The Second Circuit determined that the condition failed on both counts. First, the Court ruled that the condition was impermissibly vague because “people of common intelligence (or, for that matter, of high intelligence) would find it impossible to agree on the proper application of a release condition triggered by entry into a ‘significant romantic relationship,’” noting the varying definitions of such relationships offered by The Marriage of Figaro, Mansfield Park,* and When Harry Met Sally.

The Second Circuit further held, albeit in a less entertaining manner, that the condition was not reasonably related to the purposes of sentencing, in that there was no indication in the record that Reeves was a threat to any romantic partner or a predator towards children, and the condition did not serve a rehabilitative purpose.

*While I would not go so far as to suggest that the parties seek rehearing on this point, my personal view is that Emma would have been a better choice from the Jane Austen oeuvre. See also, e.g., Clueless (Paramount Pictures 1995).

Wednesday, January 6, 2010

Mohawk Industries-U.S. Supreme Court prohibits interlocutory appeals of discovery orders piercing attorney-client privilege

By Gary Beaver

On December 8, 2009, in Mohawk Industries, Inc. v.
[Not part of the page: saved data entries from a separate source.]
(* Let $(X,d)$ be a geodesic space with $\operatorname{Curv}X\ge\kappa$ for some $\kappa\in\mathbb{R}$. Then $X$ is non-branching.
   Context: Let $(M^2_\kappa,d_\kappa)$ be the model plane of constant curvature $\kappa$. For a triangle $(a_1,a_2,a_3)$ in $X$, a comparison triangle is $(\bar a_1,\bar a_2,\bar a_3)$ in $M^2_\kappa$ with $d_\kappa(\bar a_i,\bar a_j)=d(a_i,a_j)$. The circumradius is $r(a_1,a_2,a_3)=\inf_{x\in X}\max_i d(x,a_i)$, and $r(\bar a_1,\bar a_2,\bar a_3)=\inf_{x\in M^2_\kappa}\max_i d_\kappa(x,\bar a_i)$. $\operatorname{Curv}X\ge\kappa$ means $r(a_1,a_2,a_3)\ge r(\bar a_1,\bar a_2,\bar a_3)$ for all triangles in $X$ (for $\kappa>0$ only for triangles whose comparison triangle lies in some ball of radius $\frac{\pi}{2\sqrt\kappa}$). For $t\in[0,1]$ let $Z_t(x,y)=\{z\in X: d(x,z)=t\,d(x,y),\ d(z,y)=(1-t)d(x,y)\}$. A geodesic space is non-branching if for all $x,y,y'\in X$ with $d(x,y)=d(x,y')$, the condition $Z_t(x,y)\cap Z_t(x,y')\neq\emptyset$ for some $t\in(0,1)$ implies $y=y'$. *)

theory Defs
  imports "HOL-Analysis.Analysis"
begin

text \<open>Model plane of constant curvature k, realised in R^3 (triples):
  k = 0: the Euclidean plane z = 0;
  k > 0: the round sphere of radius 1/sqrt k with its intrinsic (angular) metric;
  k < 0: the upper sheet of the hyperboloid x^2+y^2-z^2 = 1/k with the hyperbolic metric.\<close>

type_synonym pt3 = "real \<times> real \<times> real"

definition model_space :: "real \<Rightarrow> pt3 set" where
  "model_space k =
     (if k = 0 then {(x,y,z). z = 0}
      else if k > 0 then {(x,y,z). x^2 + y^2 + z^2 = 1 / k}
      else {(x,y,z). x^2 + y^2 - z^2 = 1 / k \<and> z > 0})"

definition model_dist :: "real \<Rightarrow> pt3 \<Rightarrow> pt3 \<Rightarrow> real" where
  "model_dist k p q =
     (case p of (x1,y1,z1) \<Rightarrow> case q of (x2,y2,z2) \<Rightarrow>
       if k = 0 then sqrt ((x1-x2)^2 + (y1-y2)^2 + (z1-z2)^2)
       else if k > 0 then arccos (max (-1) (min 1 (k * (x1*x2 + y1*y2 + z1*z2)))) / sqrt k
       else arcosh (max 1 (k * (x1*x2 + y1*y2 - z1*z2))) / sqrt (- k))"

definition geodesic_space :: "'a::metric_space itself \<Rightarrow> bool" where
  "geodesic_space _ \<longleftrightarrow>
     (\<forall>x y::'a. \<exists>\<gamma>::real \<Rightarrow> 'a. \<gamma> 0 = x \<and> \<gamma> (dist x y) = y \<and>
        (\<forall>s\<in>{0..dist x y}. \<forall>t\<in>{0..dist x y}. dist (\<gamma> s) (\<gamma> t) = \<bar>s - t\<bar>))"

definition circumradius :: "'a::metric_space \<Rightarrow> 'a \<Rightarrow> 'a \<Rightarrow> real" where
  "circumradius a1 a2 a3 = (INF x\<in>UNIV. max (dist x a1) (max (dist x a2) (dist x a3)))"

definition model_circumradius :: "real \<Rightarrow> pt3 \<Rightarrow> pt3 \<Rightarrow> pt3 \<Rightarrow> real" where
  "model_circumradius k b1 b2 b3 =
     (INF x\<in>model_space k. max (model_dist k x b1) (max (model_dist k x b2) (model_dist k x b3)))"

definition comparison_triangle :: "real \<Rightarrow> 'a::metric_space \<Rightarrow> 'a \<Rightarrow> 'a \<Rightarrow> pt3 \<Rightarrow> pt3 \<Rightarrow> pt3 \<Rightarrow> bool" where
  "comparison_triangle k a1 a2 a3 b1 b2 b3 \<longleftrightarrow>
     b1 \<in> model_space k \<and> b2 \<in> model_space k \<and> b3 \<in> model_space k \<and>
     model_dist k b1 b2 = dist a1 a2 \<and> model_dist k b1 b3 = dist a1 a3 \<and>
     model_dist k b2 b3 = dist a2 a3"

text \<open>Curv X \<ge> k in the circumradius sense; for k > 0 only triangles whose comparison
  triangle lies in some (open) ball of radius pi/(2 sqrt k) are required.\<close>
definition curv_ge :: "'a::metric_space itself \<Rightarrow> real \<Rightarrow> bool" where
  "curv_ge _ k \<longleftrightarrow>
     (\<forall>(a1::'a) a2 a3 b1 b2 b3. comparison_triangle k a1 a2 a3 b1 b2 b3 \<longrightarrow>
        (k > 0 \<longrightarrow> (\<exists>c\<in>model_space k. model_dist k c b1 < pi / (2 * sqrt k) \<and>
                       model_dist k c b2 < pi / (2 * sqrt k) \<and>
                       model_dist k c b3 < pi / (2 * sqrt k))) \<longrightarrow>
        circumradius a1 a2 a3 \<ge> model_circumradius k b1 b2 b3)"

definition Zt :: "real \<Rightarrow> 'a::metric_space \<Rightarrow> 'a \<Rightarrow> 'a set" where
  "Zt t x y = {z. dist x z = t * dist x y \<and> dist z y = (1 - t) * dist x y}"

definition non_branching :: "'a::metric_space itself \<Rightarrow> bool" where
  "non_branching _ \<longleftrightarrow>
     (\<forall>x y y'::'a. dist x y = dist x y' \<longrightarrow>
        (\<exists>t\<in>{0<..<1}. Zt t x y \<inter> Zt t x y' \<noteq> {}) \<longrightarrow> y = y')"

end

theory Submission
  imports Defs
begin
Carpenter, the U.S. Supreme Court (in Justice Sotomayor's first opinion) restricted the methods by which an appellant could have the federal appellate courts immediately review a discovery order through which a federal district court overrules the appellant's claim of attorney-client privilege as a basis for withholding discovery information and orders the production of such information. The appeal in Mohawk was taken under the collateral order doctrine of 28 U.S.C. Section 1291 -- an avenue that is now unavailable for interlocutory appeal of such prejudgment discovery orders. In essence, the Mohawk Court held that discovery orders piercing the attorney-client privilege would not imperil "a substantial public interest" or "some particular value of a high order" -- the usual tests for allowing interlocutory appeal of a collateral order. The Court noted that there are other methods of making an interlocutory appeal of a discovery order including: (1) obtaining the district court's certification and appellate court's acceptance of a "controlling question of law" the prompt resolution of which "may materially advance the ultimate termination of the litigation;" (2)petitioning for a writ of mandamus; (3) defying the order and being held in contempt as contempt orders are immediately appealable if the level of a criminal punishment; and (4) defying the order and having your pleadings or defenses stricken. Big dice to roll in using those last two methods.
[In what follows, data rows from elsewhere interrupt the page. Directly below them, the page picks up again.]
text \<open>Let \<open>Q\<close> be the (compact) set of convex combinations of at most \<open>k + 1\<close> points of \<open>X\<close>.
  Since every linear image of \<open>X\<close> in dimension \<open>n - k\<close> is convex, every flat of dimension at least \<open>k\<close>
  through a point \<open>y\<close> of the convex hull meets \<open>X\<close> (project along the flat).
  If \<open>y \<notin> Q\<close>, take \<open>q \<in> Q\<close> nearest to \<open>y\<close>, written with positive weights on an affinely
  independent \<open>T \<subseteq> X\<close>. If \<open>card T \<le> k\<close>, the hyperplane through \<open>y\<close> orthogonal to \<open>y - q\<close>
  gives \<open>z \<in> X\<close> such that the segment from \<open>q\<close> to \<open>z\<close> comes closer to \<open>y\<close>. If \<open>card T = k + 1\<close>,
  the flat through \<open>y\<close> parallel to \<open>affine hull T\<close> gives \<open>z \<in> X\<close>, and exchanging one point of \<open>T\<close>
  for \<open>z\<close> moves \<open>q\<close> towards \<open>y\<close>. Either way \<open>q\<close> was not nearest.\<close>

lemma linear_map_kernel_subset:
  fixes V :: "'a::euclidean_space set"
  assumes V: "subspace V" and dim_V: "DIM('a) \<le> dim V + DIM('b)"
  obtains A :: "'a \<Rightarrow> 'b::euclidean_space" where "linear A" "\<And>u. A u = 0 \<Longrightarrow> u \<in> V"
proof -
  obtain B where B: "B \<subseteq> V\<^sup>\<bottom>" "independent B" "V\<^sup>\<bottom> \<subseteq> span B" "card B = dim (V\<^sup>\<bottom>)"
    using basis_exists by blast
  have "finite B"
    using B(2) finiteI_independent by blast
  have "dim (V\<^sup>\<bottom>) + dim V = DIM('a)"
    using dim_subspace_orthogonal_to_vectors[OF V subspace_UNIV] by (simp add: orthogonal_comp_def)
  then have "card B \<le> card (Basis :: 'b set)"
    using B(4) dim_V by simp
  then obtain g :: "'a \<Rightarrow> 'b" where g: "g ` B \<subseteq> Basis" "inj_on g B"
    using card_le_inj[OF \<open>finite B\<close> finite_Basis] by blast
  define A where "A u = (\<Sum>b\<in>B. (b \<bullet> u) *\<^sub>R g b)" for u
  have "linear A"
    unfolding A_def
    by (intro linearI)
      (simp_all add: inner_add_right scaleR_add_left sum.distrib scaleR_sum_right inner_scaleR_right)
  have coordinate: "g b \<bullet> A u = b \<bullet> u" if b: "b \<in> B" for b u
  proof -
    have "g b \<bullet> A u = (\<Sum>b'\<in>B. if b' = b then b \<bullet> u else 0)"
      unfolding A_def inner_sum_right
    proof (rule sum.cong[OF refl])
      fix b' assume "b' \<in> B"
      then have "g b' \<in> Basis" "g b \<in> Basis" "g b' = g b \<longleftrightarrow> b' = b"
        using g b by (auto simp: inj_on_eq_iff)
      then show "g b \<bullet> (b' \<bullet> u) *\<^sub>R g b' = (if b' = b then b \<bullet> u else 0)"
        by (auto simp: inner_Basis)
    qed
    also have "\<dots> = b \<bullet> u"
      using b \<open>finite B\<close> by (simp add: sum.delta')
    finally show ?thesis .
  qed
  show thesis
  proof
    show "linear A" by fact
  next
    fix u assume "A u = 0"
    then have "orthogonal b u" if "b \<in> B" for b
      using coordinate[OF that, of u] by (simp add: orthogonal_def)
    then have "orthogonal w u" if "w \<in> V\<^sup>\<bottom>" for w
      using B(3) that orthogonal_to_span[of w B u] by (auto simp: orthogonal_commute)
    then have "u \<in> V\<^sup>\<bottom>\<^sup>\<bottom>"
      by (simp add: orthogonal_comp_def)
    then show "u \<in> V"
      using orthogonal_comp_self[OF V] by simp
  qed
qed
It is not clear what, if any, impact the ruling will have on state courts as the Mohawk appeal was taken under a federal statute. However, the logic of the Court likely could be applied by state appellate courts. The question of "would be applied" is more difficult to answer. In North Carolina, the Court of Appeals has not shown any reluctance to dismiss appeals of decisions on discovery issues because they are interlocutory and do not deprive an appellant of a substantial right that would be lost unless immediately reviewed. However, there is a line of precedents holding that interlocutory discovery orders like that in Mohawk requiring a party to produce to the opposing party material purportedly protected by attorney-client privilege and/or attorney work product immunity are immediately appealable. The N.C. Court of Appeals rarely dismisses such an appeal. It dismissed such an appeal in Stevenson v. Long, 558 S.E.2d 215 (2002) but only because it concerned refusing to answer deposition questions and the appellant failed to provide the questions to the lower court for review and a decision on the application of the claimed privilege, i.e., the appellant did not carry its burden of showing the privilege applied. I would not expect the NC appellate courts to reject that line of cases and follow the Mohawk Court's lead any time soon.